(* Consider the factor (Tanner) graph of an LDPC code decoded by the binary message-passing decoder described in the context. Let $C$ be a cycle in the factor graph all of whose variable nodes have degree two or three. Assume that the channel messages associated with the variable nodes of $C$ are in error, and that all other incoming messages at the check nodes of $C$ (i.e. those not arriving along edges of $C$) are correct. Then the variable nodes forming the cycle cannot be corrected by the binary message-passing decoder: in every iteration the messages they send along the edges of $C$ remain in error.
   Context: Transmitted bits are represented in $\{+1,-1\}$ and a message is "in error" if its sign differs from the transmitted bit of the corresponding variable node. All messages between variable and check nodes are binary ($\pm1$). In the first iteration each variable node sends its channel hard decision. A check node sends on each edge the product of the messages received on its other edges. A variable node of degree $d_v$ with channel L-value $L_{ch}=y D_{ch}$ ($y\in\{\pm1\}$ the channel hard decision, $D_{ch}>0$ its reliability) and incoming check messages $a_i\in\{\pm1\}$, all converted to L-values $a_iD_{av}$ with a common reliability $D_{av}>0$ in a given iteration, sends on edge $j$ the sign of $L_{ev,j}=L_{ch}+\sum_{i\ne j}a_iD_{av}$. *)

theory Defs
  imports Complex_Main
begin

text \<open>Tanner (factor) graph: a set of edges between variable nodes of type 'v and
check nodes of type 'c. Messages are binary, represented as integers in {1,-1}.\<close>

definition var_nbrs :: "('v \<times> 'c) set \<Rightarrow> 'v \<Rightarrow> 'c set" where
  "var_nbrs E v = {c. (v, c) \<in> E}"

definition chk_nbrs :: "('v \<times> 'c) set \<Rightarrow> 'c \<Rightarrow> 'v set" where
  "chk_nbrs E c = {v. (v, c) \<in> E}"

text \<open>Hard sign of an L-value (the tie convention at 0 is irrelevant for the theorem).\<close>
definition hard_sign :: "real \<Rightarrow> int" where
  "hard_sign r = (if r \<ge> 0 then 1 else -1)"

definition cv_msg :: "('v \<times> 'c) set \<Rightarrow> ('v \<Rightarrow> 'c \<Rightarrow> int) \<Rightarrow> 'c \<Rightarrow> 'v \<Rightarrow> int" where
  "cv_msg E m c v = (\<Prod>v'\<in>chk_nbrs E c - {v}. m v' c)"

text \<open>Variable-to-check messages of iteration t (t = 0 is the first iteration).
  y: channel hard decisions, Dch: channel reliability, Dav t: reliability used to
  convert the check messages of iteration t into L-values.\<close>
primrec vc_msg :: "('v \<times> 'c) set \<Rightarrow> ('v \<Rightarrow> int) \<Rightarrow> real \<Rightarrow> (nat \<Rightarrow> real)
    \<Rightarrow> nat \<Rightarrow> 'v \<Rightarrow> 'c \<Rightarrow> int" where
  "vc_msg E y Dch Dav 0 = (\<lambda>v c. y v)"
| "vc_msg E y Dch Dav (Suc t) = (\<lambda>v c. hard_sign (real_of_int (y v) * Dch
      + (\<Sum>c'\<in>var_nbrs E v - {c}.
            real_of_int (cv_msg E (vc_msg E y Dch Dav t) c' v) * Dav t)))"

text \<open>A cycle v_0 c_0 v_1 c_1 ... v_{k-1} c_{k-1} v_0 in the bipartite graph.\<close>
definition is_cycle :: "('v \<times> 'c) set \<Rightarrow> 'v list \<Rightarrow> 'c list \<Rightarrow> bool" where
  "is_cycle E vs cs \<longleftrightarrow> length vs = length cs \<and> length vs \<ge> 2 \<and> distinct vs \<and> distinct cs \<and>
     (\<forall>i < length vs. (vs ! i, cs ! i) \<in> E \<and> (vs ! (Suc i mod length vs), cs ! i) \<in> E)"

definition cycle_edges :: "'v list \<Rightarrow> 'c list \<Rightarrow> ('v \<times> 'c) set" where
  "cycle_edges vs cs = {(vs ! i, cs ! i) | i. i < length vs}
     \<union> {(vs ! (Suc i mod length vs), cs ! i) | i. i < length vs}"

definition is_codeword :: "('v \<times> 'c) set \<Rightarrow> ('v \<Rightarrow> int) \<Rightarrow> bool" where
  "is_codeword E x \<longleftrightarrow> (\<forall>v. x v \<in> {1, -1}) \<and> (\<forall>c. (\<Prod>v\<in>chk_nbrs E c. x v) = 1)"

end

theory Submission
  imports Defs
begin

text \<open>The messages along the cycle are initially the
  erroneous channel decisions. Let \<open>(v, c)\<close> be a cycle edge and \<open>c'\<close> the other cycle check
  at \<open>v\<close>. In the previous iteration \<open>c'\<close> received exactly one wrong message, from its other
  cycle neighbour, so by the parity check of the codeword it tells \<open>v\<close> the wrong value,
  which agrees with the wrong channel decision. Since \<open>v\<close> has degree at most three,
  at most one further check message enters \<open>L_ev\<close>, and it cannot outweigh channel plus
  \<open>c'\<close>; hence \<open>v\<close> again sends the wrong value along \<open>(v, c)\<close>.\<close>

lemma prod_in_plus_minus_one:
  "\<forall>a\<in>A. f a \<in> {1, -1::int} \<Longrightarrow> prod f A \<in> {1, -1}"
proof (cases "finite A")
  case True
  then show "\<forall>a\<in>A. f a \<in> {1, -1::int} \<Longrightarrow> prod f A \<in> {1, -1}"
    by (induction A rule: finite_induct) auto
qed simp

lemma vc_msg_in_plus_minus_one:
  "\<forall>v. y v \<in> {1, -1} \<Longrightarrow> vc_msg E y Dch Dav t v c \<in> {1, -1}"
  by (induction t arbitrary: v c) (auto simp: hard_sign_def)

lemma cv_msg_in_plus_minus_one:
  "\<forall>v c. m v c \<in> {1, -1} \<Longrightarrow> cv_msg E m c v \<in> {1, -1}"
  unfolding cv_msg_def by (rule prod_in_plus_minus_one) auto

lemma finite_chk_nbrs: "finite E \<Longrightarrow> finite (chk_nbrs E c)"
  unfolding chk_nbrs_def by (rule finite_subset[of _ "fst ` E"]) force+

lemma finite_var_nbrs: "finite E \<Longrightarrow> finite (var_nbrs E v)"
  unfolding var_nbrs_def by (rule finite_subset[of _ "snd ` E"]) force+

lemma hard_sign_dominant:
  assumes "s \<in> {1, -1}" "\<bar>r\<bar> < a"
  shows "hard_sign (real_of_int s * a + r) = s"
  using assms by (auto simp: hard_sign_def abs_less_iff)

lemma cv_msg_single_error:
  assumes fin: "finite (chk_nbrs E c)"
    and parity: "(\<Prod>w\<in>chk_nbrs E c. x w) = 1" and "x v \<in> {1, -1}"
    and v: "v \<in> chk_nbrs E c" and v': "v' \<in> chk_nbrs E c" "v' \<noteq> v"
    and wrong: "m v' c = - x v'"
    and right: "\<And>w. w \<in> chk_nbrs E c - {v, v'} \<Longrightarrow> m w c = x w"
  shows "cv_msg E m c v = - x v"
proof -
  define A where "A = chk_nbrs E c - {v}"
  have "x v * (\<Prod>w\<in>A. x w) = 1"
    using parity prod.remove[OF fin v, of x] unfolding A_def by simp
  then have prod_A: "(\<Prod>w\<in>A. x w) = x v"
    using \<open>x v \<in> {1, -1}\<close> by auto
  have "cv_msg E m c v = (\<Prod>w\<in>A. (if w = v' then -1 else 1) * x w)"
    unfolding cv_msg_def A_def using wrong right by (intro prod.cong) auto
  also have "\<dots> = (\<Prod>w\<in>A. if w = v' then -1 else 1) * (\<Prod>w\<in>A. x w)"
    by (rule prod.distrib)
  also have "(\<Prod>w\<in>A. if w = v' then -1 else (1::int)) = -1"
    using fin v' unfolding A_def by (simp add: prod.If_cases Int_absorb1)
  finally show ?thesis
    using prod_A by simp
qed

lemma vc_msg_Suc_keeps_channel_sign:
  assumes "finite E" and y: "\<forall>w. y w \<in> {1, -1}"
    and "Dch > 0" and Dav: "Dav t > 0"
    and deg: "card (var_nbrs E v) \<le> 3"
    and "(v, c) \<in> E" "(v, c') \<in> E" "c' \<noteq> c"
    and agree: "cv_msg E (vc_msg E y Dch Dav t) c' v = y v"
  shows "vc_msg E y Dch Dav (Suc t) v c = y v"
proof -
  let ?m = "vc_msg E y Dch Dav t"
  define f where "f = (\<lambda>b. real_of_int (cv_msg E ?m b v) * Dav t)"
  define R where "R = var_nbrs E v - {c} - {c'}"
  have fin: "finite (var_nbrs E v)"
    using finite_var_nbrs[OF \<open>finite E\<close>] .
  have c_in: "c \<in> var_nbrs E v" and c'_in: "c' \<in> var_nbrs E v - {c}"
    using assms(6-8) unfolding var_nbrs_def by auto
  have split: "(\<Sum>b\<in>var_nbrs E v - {c}. f b) = f c' + sum f R"
    unfolding R_def using sum.remove[OF _ c'_in, of f] fin by simp
  have "card R = card (var_nbrs E v) - 2"
    unfolding R_def using c_in c'_in fin by simp
  then have card_R: "card R \<le> 1"
    using deg by simp
  have "\<bar>f b\<bar> = Dav t" for b
  proof -
    have "\<forall>a b. ?m a b \<in> {1, -1}"
      by (intro allI vc_msg_in_plus_minus_one[OF y])
    then have "cv_msg E ?m b v \<in> {1, -1}"
      by (rule cv_msg_in_plus_minus_one)
    then show ?thesis
      using Dav by (auto simp: f_def abs_mult)
  qed
  then have "\<bar>sum f R\<bar> \<le> real (card R) * Dav t"
    using sum_abs[of f R] by simp
  also have "\<dots> \<le> Dav t"
    using card_R Dav by (simp add: mult_le_cancel_right1)
  finally have small_rest: "\<bar>sum f R\<bar> < Dch + Dav t"
    using \<open>Dch > 0\<close> by linarith
  have "f c' = real_of_int (y v) * Dav t"
    unfolding f_def agree ..
  have "vc_msg E y Dch Dav (Suc t) v c
      = hard_sign (real_of_int (y v) * Dch + (\<Sum>b\<in>var_nbrs E v - {c}. f b))"
    by (simp add: f_def)
  also have "\<dots> = hard_sign (real_of_int (y v) * (Dch + Dav t) + sum f R)"
    using split \<open>f c' = real_of_int (y v) * Dav t\<close> by (simp add: algebra_simps)
  also have "\<dots> = y v"
    using hard_sign_dominant y small_rest by blast
  finally show ?thesis .
qed

lemma Suc_mod_neq:
  assumes "i < (n::nat)" "2 \<le> n"
  shows "Suc i mod n \<noteq> i"
proof (cases "Suc i < n")
  case False
  then have "Suc i = n"
    using assms(1) by simp
  then show ?thesis
    using assms(2) by auto
qed simp

lemma ex_mod_predecessor:
  assumes "i < (n::nat)"
  shows "\<exists>j<n. Suc j mod n = i"
proof (cases i)
  case 0
  then show ?thesis
    using assms by (intro exI[of _ "n - 1"]) auto
next
  case (Suc k)
  then show ?thesis
    using assms by (intro exI[of _ k]) auto
qed

lemma cycle_edge_in_graph:
  assumes "is_cycle E vs cs" "(v, c) \<in> cycle_edges vs cs"
  shows "(v, c) \<in> E" "v \<in> set vs" "c \<in> set cs"
proof -
  have n: "length vs \<ge> 2" "length cs = length vs"
    using assms(1) unfolding is_cycle_def by auto
  from assms(2) obtain i where i: "i < length vs"
    and vc: "c = cs ! i" "v = vs ! i \<or> v = vs ! (Suc i mod length vs)"
    unfolding cycle_edges_def by auto
  show "(v, c) \<in> E"
    using assms(1) i vc unfolding is_cycle_def by auto
  have "Suc i mod length vs < length vs"
    using n(1) by (intro mod_less_divisor) linarith
  then show "v \<in> set vs"
    using i vc by (auto intro: nth_mem)
  show "c \<in> set cs"
    using i vc n by auto
qed

lemma cycle_check_endpoints:
  assumes "is_cycle E vs cs" "j < length vs" "(w, cs ! j) \<in> cycle_edges vs cs"
  shows "w = vs ! j \<or> w = vs ! (Suc j mod length vs)"
proof -
  from assms(3) obtain i where i: "i < length vs" and "cs ! j = cs ! i"
    and w: "w = vs ! i \<or> w = vs ! (Suc i mod length vs)"
    unfolding cycle_edges_def by auto
  then have "i = j"
    using assms(1,2) unfolding is_cycle_def by (simp add: nth_eq_iff_index_eq)
  then show ?thesis
    using w by simp
qed

lemma cycle_edge_other_check:
  assumes "is_cycle E vs cs" "(v, c) \<in> cycle_edges vs cs"
  shows "\<exists>j<length vs. cs ! j \<noteq> c \<and> (v = vs ! j \<or> v = vs ! (Suc j mod length vs))"
proof -
  let ?n = "length vs"
  have n: "?n \<ge> 2" "length cs = ?n" and "distinct cs"
    using assms(1) unfolding is_cycle_def by auto
  then have other: "cs ! j \<noteq> cs ! i" if "i < ?n" "j < ?n" "j \<noteq> i" for i j
    using that by (simp add: nth_eq_iff_index_eq)
  from assms(2) obtain i where i: "i < ?n" and c: "c = cs ! i"
    and v: "v = vs ! i \<or> v = vs ! (Suc i mod ?n)"
    unfolding cycle_edges_def by auto
  from v show ?thesis
  proof
    assume "v = vs ! i"
    moreover obtain j where "j < ?n" "Suc j mod ?n = i"
      using ex_mod_predecessor[OF i] by blast
    moreover have "j \<noteq> i"
      using Suc_mod_neq[OF \<open>j < ?n\<close> n(1)] \<open>Suc j mod ?n = i\<close> by auto
    ultimately show ?thesis
      using other i c by auto
  next
    assume "v = vs ! (Suc i mod ?n)"
    moreover have "Suc i mod ?n < ?n"
      using n(1) by (intro mod_less_divisor) linarith
    moreover have "Suc i mod ?n \<noteq> i"
      using Suc_mod_neq i n(1) by blast
    ultimately show ?thesis
      using other i c by blast
  qed
qed

lemma cycle_edge_continues:
  assumes "is_cycle E vs cs" "(v, c) \<in> cycle_edges vs cs"
  obtains c' v' where "c' \<noteq> c" "v' \<noteq> v" "(v, c') \<in> cycle_edges vs cs"
    "(v', c') \<in> cycle_edges vs cs"
    "\<And>w. (w, c') \<in> cycle_edges vs cs \<Longrightarrow> w = v \<or> w = v'"
proof -
  let ?n = "length vs"
  obtain j where j: "j < ?n" "cs ! j \<noteq> c" and v: "v = vs ! j \<or> v = vs ! (Suc j mod ?n)"
    using cycle_edge_other_check[OF assms] by blast
  have n: "?n \<ge> 2" "distinct vs"
    using assms(1) unfolding is_cycle_def by auto
  then have "Suc j mod ?n < ?n"
    by (intro mod_less_divisor) linarith
  then have ends_differ: "vs ! j \<noteq> vs ! (Suc j mod ?n)"
    using Suc_mod_neq[OF j(1) n(1)] n(2) j(1) by (simp add: nth_eq_iff_index_eq)
  define v' where "v' = (if v = vs ! j then vs ! (Suc j mod ?n) else vs ! j)"
  have ends: "(vs ! j, cs ! j) \<in> cycle_edges vs cs"
    "(vs ! (Suc j mod ?n), cs ! j) \<in> cycle_edges vs cs"
    using j(1) unfolding cycle_edges_def by auto
  show ?thesis
  proof (rule that[of "cs ! j" v'])
    show "v' \<noteq> v" "(v, cs ! j) \<in> cycle_edges vs cs" "(v', cs ! j) \<in> cycle_edges vs cs"
      using ends_differ ends v unfolding v'_def by auto
    show "w = v \<or> w = v'" if "(w, cs ! j) \<in> cycle_edges vs cs" for w
      using cycle_check_endpoints[OF assms(1) j(1) that] v unfolding v'_def by auto
  qed (rule j(2))
qed

theorem theorem3:
  fixes E :: "('v \<times> 'c) set" and x y :: "'v \<Rightarrow> int"
    and Dch :: real and Dav :: "nat \<Rightarrow> real"
    and vs :: "'v list" and cs :: "'c list"
  assumes "finite E"
    and "is_codeword E x"
    and "\<forall>v. y v \<in> {1, -1}"
    and "Dch > 0" and "\<forall>t. Dav t > 0"
    and "is_cycle E vs cs"
    and "\<forall>v \<in> set vs. card (var_nbrs E v) \<in> {2, 3}"
    and "\<forall>v \<in> set vs. y v = - x v"
    and "\<forall>t. \<forall>c \<in> set cs. \<forall>v \<in> chk_nbrs E c. (v, c) \<notin> cycle_edges vs cs
            \<longrightarrow> vc_msg E y Dch Dav t v c = x v"
  shows "\<forall>t. \<forall>(v, c) \<in> cycle_edges vs cs. vc_msg E y Dch Dav t v c = - x v"
proof
  fix t
  note edge = cycle_edge_in_graph[OF assms(6)]
  show "\<forall>(v, c) \<in> cycle_edges vs cs. vc_msg E y Dch Dav t v c = - x v"
  proof (induction t)
    case 0
    then show ?case
      using assms(8) edge by auto
  next
    case (Suc t)
    show ?case
    proof clarify
      fix v c
      assume vc: "(v, c) \<in> cycle_edges vs cs"
      obtain c' v' where c': "c' \<noteq> c" "v' \<noteq> v" "(v, c') \<in> cycle_edges vs cs"
        "(v', c') \<in> cycle_edges vs cs"
        and only: "\<And>w. (w, c') \<in> cycle_edges vs cs \<Longrightarrow> w = v \<or> w = v'"
        using cycle_edge_continues[OF assms(6) vc] by blast
      have off_cycle_correct: "vc_msg E y Dch Dav t w c' = x w"
        if "w \<in> chk_nbrs E c' - {v, v'}" for w
        using assms(9) edge(3)[OF c'(3)] only that by blast
      have "cv_msg E (vc_msg E y Dch Dav t) c' v = - x v"
      proof (rule cv_msg_single_error[OF finite_chk_nbrs[OF assms(1)]])
        show "(\<Prod>w\<in>chk_nbrs E c'. x w) = 1" "x v \<in> {1, -1}"
          using assms(2) unfolding is_codeword_def by auto
        show "v \<in> chk_nbrs E c'" "v' \<in> chk_nbrs E c'"
          using edge(1) c'(3,4) unfolding chk_nbrs_def by auto
        show "vc_msg E y Dch Dav t v' c' = - x v'"
          using Suc.IH c'(4) by auto
      qed (use c'(2) off_cycle_correct in auto)
      moreover have "y v = - x v" "card (var_nbrs E v) \<le> 3"
        using assms(7,8) edge(2)[OF vc] by auto
      ultimately show "vc_msg E y Dch Dav (Suc t) v c = - x v"
        using vc_msg_Suc_keeps_channel_sign[OF assms(1,3,4)] assms(5) edge(1) vc c'(1,3)
        by metis
    qed
  qed
qed

end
════════════════════
Where the string "remove" occurs in a line of the listing, copy the line.

    using parity prod.remove[OF fin v, of x] unfolding A_def by simp
    unfolding R_def using sum.remove[OF _ c'_in, of f] fin by simp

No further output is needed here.